A systematic review of the analgesic efficacy and adverse effects of single-dose aspirin compared with placebo in postoperative pain.
Published studies were identified from systematic searching of bibliographic databases and reference lists of retrieved reports. Summed pain intensity and pain relief data were extracted and converted into dichotomous information to yield the number of patients with at least 50% pain relief. This was used to calculate the relative benefit and number-needed-to-treat for one patient to achieve at least 50% pain relief. For adverse effects, relative risk and number-needed-to-harm were calculated. Sensitivity analyses were planned to test the impact of different pain models, pain measurements, sample sizes, quality of study design, and study duration on the results.

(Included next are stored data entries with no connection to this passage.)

lemma diffeo_germ_inv_into:
  assumes "diffeo_germ a b \<phi>" and U: "open U" "a \<in> U" "open (\<phi> ` U)" "inj_on \<phi> U"
    "smooth_on U \<phi>" "smooth_on (\<phi> ` U) (inv_into U \<phi>)"
  shows "diffeo_germ b a (inv_into U \<phi>)"
proof -
  have "\<phi> a = b" using assms(1) unfolding diffeo_germ_def by blast
  then have ba: "inv_into U \<phi> b = a" "b \<in> \<phi> ` U" using inv_into_f_f[OF U(4,2)] U(2) by auto
  have inv_image_eq: "inv_into U \<phi> ` \<phi> ` U = U" using inv_into_image_cancel[OF U(4)] by blast
  have "smooth_on U (inv_into (\<phi> ` U) (inv_into U \<phi>))"
    by (rule smooth_on_cong[OF U(5,1)])
      (use inv_into_inv_into_eq[OF bij_betw_imageI[OF U(4) refl]] in blast)
  then show ?thesis
    unfolding diffeo_germ_def using ba inv_image_eq U inj_on_inv_into[of "\<phi> ` U"]
    by (intro conjI exI[of _ "\<phi> ` U"]) auto
qed

lemma diffeo_germ_compose:
  fixes f g :: "'a::euclidean_space \<Rightarrow> 'a"
  assumes "diffeo_germ a b f" and "diffeo_germ b c g"
  shows "diffeo_germ a c (\<lambda>x. g (f x))"
proof -
  obtain U1 where U1: "f a = b" "open U1" "a \<in> U1" "open (f ` U1)" "inj_on f U1"
     "smooth_on U1 f" "smooth_on (f ` U1) (inv_into U1 f)"
    using assms(1) unfolding diffeo_germ_def by blast
  obtain U2 where U2: "g b = c" "open U2" "b \<in> U2" "open (g ` U2)" "inj_on g U2"
     "smooth_on U2 g" "smooth_on (g ` U2) (inv_into U2 g)"
    using assms(2) unfolding diffeo_germ_def by blast
  define W where "W = U1 \<inter> f -` U2"
  have W: "open W" "a \<in> W" "W \<subseteq> U1" "f ` W \<subseteq> U2"
    using continuous_open_preimage[OF smooth_on_imp_continuous_on[OF U1(6)] U1(2) U2(2)] U1 U2
    unfolding W_def by auto
  have fW: "open (f ` W)"
    by (rule open_image_of_continuous_inverse[OF U1(4) smooth_on_imp_continuous_on[OF U1(7)] U1(5) W(1,3)])
  have gfW: "open (g ` f ` W)"
    by (rule open_image_of_continuous_inverse[OF U2(4) smooth_on_imp_continuous_on[OF U2(7)] U2(5) fW W(4)])
  have inj: "inj_on (\<lambda>x. g (f x)) W"
    using inj_on_subset[OF U1(5) W(3)] inj_on_subset[OF U2(5) W(4)] by (auto simp: inj_on_def)
  have inv: "inv_into W (\<lambda>x. g (f x)) y = inv_into U1 f (inv_into U2 g y)" if y: "y \<in> g ` f ` W" for y
  proof -
    obtain w where "w \<in> W" "y = g (f w)" using y by blast
    moreover from this have "w \<in> U1" "f w \<in> U2" using W(3,4) by auto
    ultimately show ?thesis using inv_into_f_f[OF inj] inv_into_f_f[OF U1(5)] inv_into_f_f[OF U2(5)] by simp
  qed
  have "smooth_on (g ` f ` W) (\<lambda>y. inv_into U1 f (inv_into U2 g y))"
  proof (rule smooth_on_compose[OF gfW U1(4) smooth_on_subset[OF U2(7)] _ U1(7)])
    show "inv_into U2 g ` g ` f ` W \<subseteq> f ` U1"
      using W(3,4) inv_into_f_f[OF U2(5)] by auto
  qed (use W(4) in auto)
  then have "smooth_on (g ` f ` W) (inv_into W (\<lambda>x. g (f x)))"
    by (rule smooth_on_cong[OF _ gfW]) (use inv in simp)
  moreover have "smooth_on W (\<lambda>x. g (f x))"
    by (rule smooth_on_compose[OF W(1) U2(2) smooth_on_subset[OF U1(6) W(3)] W(4) U2(6)])
  ultimately show ?thesis
    unfolding diffeo_germ_def using W(1,2) U1(1) U2(1) gfW inj
    by (intro conjI exI[of _ W]) (auto simp: image_image)
qed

Seventy-two randomized single-dose trials met our inclusion criteria, with 3253 patients given aspirin, and 3297 placebo. Significant benefit of aspirin over placebo was shown for aspirin 600/650 mg, 1000 mg and 1200 mg, with numbers-needed-to-treat for at least 50% pain relief of 4.4 (4.0–4.9), 4.0 (3.2–5.4) and 2.4 (1.9–3.2) respectively. Single-dose aspirin 600/650 mg produced significantly more drowsiness and gastric irritation than placebo, with numbers-needed-to-harm of 28 (19–52) and 38 (22–174) respectively. Type of pain model, pain measurement, sample size, quality of study design, and study duration had no significant impact on the results.
There was a clear dose–response for pain relief with aspirin, even though these were single dose studies. Adverse effects, drowsiness and gastric irritation were also evident in the single dose studies. The pain relief achieved with aspirin was very similar milligram for milligram to that seen with paracetamol.